Let us look at these motors again. A lot of you are doing (well, thinking 
of) drone projects so let's talk a little about my little Beagle and 
thick-conductored "hot" motors, How we get them making sweet electric love 
with each other.

Ok what you do is you feed off of one of your PWM or GPIO lines of your 
favorite beagle. Both have their downsides. Hardware PWM is lacking a 
certain jeun-se-quoi, its just a little too digital (those that have worked 
with it before know what I'm talking about). However software-based PWM 
(how motor speed control is done) via GPIO I would surprised is good on a 
multitasking OS environment like UN*X. Maybe with interrupts...idk.

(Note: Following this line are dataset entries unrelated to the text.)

lemma peaks_insert_nth:
  assumes bound: "\<forall>x\<in>set xs. x < N" and s: "s \<in> ascent_slots xs"
  shows "peaks (insert_nth s N xs) =
    {j \<in> peaks xs. j + 1 < s} \<union> Suc ` {j \<in> peaks xs. s < j} \<union> {s} \<inter> {1..<length xs}"
proof (rule set_eqI)
  fix j
  let ?ys = "insert_nth s N xs"
  have s_le: "s \<le> length xs"
    using s by (simp add: ascent_slots_def)
  have lt: "\<And>i. i < length xs \<Longrightarrow> xs ! i < N"
    using bound by auto
  have Suc_image: "j \<in> Suc ` {j \<in> peaks xs. s < j} \<longleftrightarrow> s + 1 < j \<and> j - 1 \<in> peaks xs"
    by (cases j) auto
  have "j \<in> peaks ?ys \<longleftrightarrow>
      j + 1 < s \<and> j \<in> peaks xs \<or> s + 1 < j \<and> j - 1 \<in> peaks xs \<or> j = s \<and> 1 \<le> s \<and> s < length xs"
  proof (cases "j + 1 \<le> length xs")
    case False
    then show ?thesis
      using s_le by (auto simp: peaks_def)
  next
    case True
    have ys_nth:
        "?ys ! (j - 1) = (if j - 1 < s then xs ! (j - 1) else if j - 1 = s then N else xs ! (j - 1 - 1))"
        "?ys ! j = (if j < s then xs ! j else if j = s then N else xs ! (j - 1))"
        "?ys ! (j + 1) = (if j + 1 < s then xs ! (j + 1) else if j + 1 = s then N else xs ! j)"
      using True s_le by (auto simp: nth_insert_nth)
    consider "j + 1 < s" | "j + 1 = s" | "j = s" | "j = s + 1" | "j > s + 1"
      by linarith
    then show ?thesis
    proof cases
      case 1
      then show ?thesis using ys_nth True s_le by (auto simp: peaks_def)
    next
      case 2
      then show ?thesis using ys_nth True s_le lt[of j] by (auto simp: peaks_def)
    next
      case 3
      then show ?thesis using ys_nth True s_le lt[of "j - 1"] lt[of j] s
        by (auto simp: peaks_def ascent_slots_def)
    next
      case 4
      then show ?thesis using ys_nth True s_le lt[of "j - 1"] lt[of s] s
        by (auto simp: peaks_def ascent_slots_def)
    next
      case 5
      then show ?thesis using ys_nth True s_le by (auto simp: peaks_def)
    qed
  qed
  then show "j \<in> peaks ?ys \<longleftrightarrow>
      j \<in> {j \<in> peaks xs. j + 1 < s} \<union> Suc ` {j \<in> peaks xs. s < j} \<union> {s} \<inter> {1..<length xs}"
    using Suc_image by auto
qed

lemma pk_insert_nth:
  assumes bound: "\<forall>x\<in>set xs. x < N" and s: "s \<in> ascent_slots xs"
  shows "pk (insert_nth s N xs) = pk xs + of_bool (s \<in> new_peak_slots xs)"
proof -
  define below where "below = {j \<in> peaks xs. j + 1 < s}"
  define above where "above = {j \<in> peaks xs. s < j}"
  define before where "before = {j \<in> peaks xs. j + 1 = s}"
  have fin: "finite below" "finite above" "finite before"
    by (simp_all add: below_def above_def before_def)
  have s_not_peak: "s \<notin> peaks xs"
    using s by (rule ascent_slot_not_peak)
  have "pk (insert_nth s N xs) = card below + card above + of_bool (s \<in> {1..<length xs})"
  proof -
    have "below \<inter> Suc ` above = {}" "(below \<union> Suc ` above) \<inter> ({s} \<inter> {1..<length xs}) = {}"
      by (auto simp: below_def above_def)
    then show ?thesis
      unfolding pk_eq_card_peaks peaks_insert_nth[OF bound s]
        below_def[symmetric] above_def[symmetric]
      using fin by (simp add: card_Un_disjoint card_image)
  qed
  moreover have "pk xs = card below + card above + of_bool (s \<in> Suc ` peaks xs)"
  proof -
    have "peaks xs = below \<union> above \<union> before"
      using s_not_peak unfolding below_def above_def before_def
      by auto (metis Suc_lessI linorder_neqE_nat)
    then have "card (peaks xs) = card (below \<union> above \<union> before)"
      by simp
    also have "\<dots> = card below + card above + card before"
    proof -
      have "below \<inter> above = {}" "(below \<union> above) \<inter> before = {}"
        by (auto simp: below_def above_def before_def)
      then show ?thesis
        using fin by (simp add: card_Un_disjoint)
    qed
    also have "before = (if s \<in> Suc ` peaks xs then {s - 1} else {})"
      by (auto simp: before_def)
    finally show ?thesis
      by (simp add: pk_eq_card_peaks)
  qed
  moreover have "s \<in> Suc ` peaks xs \<Longrightarrow> s \<in> {1..<length xs}"
    using Suc_peaks_subset by blast
  ultimately show ?thesis
    using s_not_peak by (auto simp: new_peak_slots_def)
qed

lemma insert_nth_starts_with_descent_iff:
  fixes xs :: "nat list"
  assumes "2 \<le> length xs" "s \<le> length xs" "\<forall>x\<in>set xs. x < N"
  shows "insert_nth s N xs ! 1 < insert_nth s N xs ! 0 \<longleftrightarrow> s = 0 \<or> s \<noteq> 1 \<and> xs ! 1 < xs ! 0"
proof -
  have "xs ! 0 < N" "xs ! 1 < N"
    using assms by (auto intro!: nth_mem)
  then show ?thesis
    using assms by (cases "s = 0 \<or> s = 1") (auto simp: nth_insert_nth)
qed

Of course my solution is elegant. I went out and saw how fast I could get a 
UART to go, apparently 128K baud...this is acceptable. What you do is you 
use a slave PIC16Fx (the F means flash btw) and I run a 5V zone next to my 
Beagle's 3.3V one. The beauty of this approach is I've decided that I'm 
going to drive these motors DIRECTLY off of my Nickle-Metal Hydrides, no 
caps just spread my error over an inductive domain than a capacitive one 
(***knowing look***).

Can see my new buddy, Graham, wondering if he should whip out the old 
complex numbers on this assertion.

Can you do ESC direct from GPIO or PWM off of your Beagle? I suppose. And 
you might try it. Just pull directly off of a PWM line and feed it to the 
SSR at the front-end of what I'm talking about. I am not adverse to it 
other than the whole getting UN*X to do it. Maybe one of Lidia's sitaras (I 
mock) and that PRU to do it. In fact, I would suspect, that that's the 
whole point of the PRU issue.

So you get your PIC to accept on its hardware UART a byte of which motor 
speed you want to control (I need to control 8). Then I send it an int (2 
bytes) with how long on it is, and then an int of how long off it is. And 
just implement it in a software loop completely bypassing the PIC's 
hardware PWM as well. It just drives 8 GPIO's leading to nice multi-stage 
ESC. We feed this nice PWM signal to the SSR's which drive directly to 
MOSFET, and accept for the blowback rectifier, we are going to run this 
bare-metal as they put it (semiconduction aside).

"You can do it this way?" Its me, dear, I wouldn't steer you wrong. 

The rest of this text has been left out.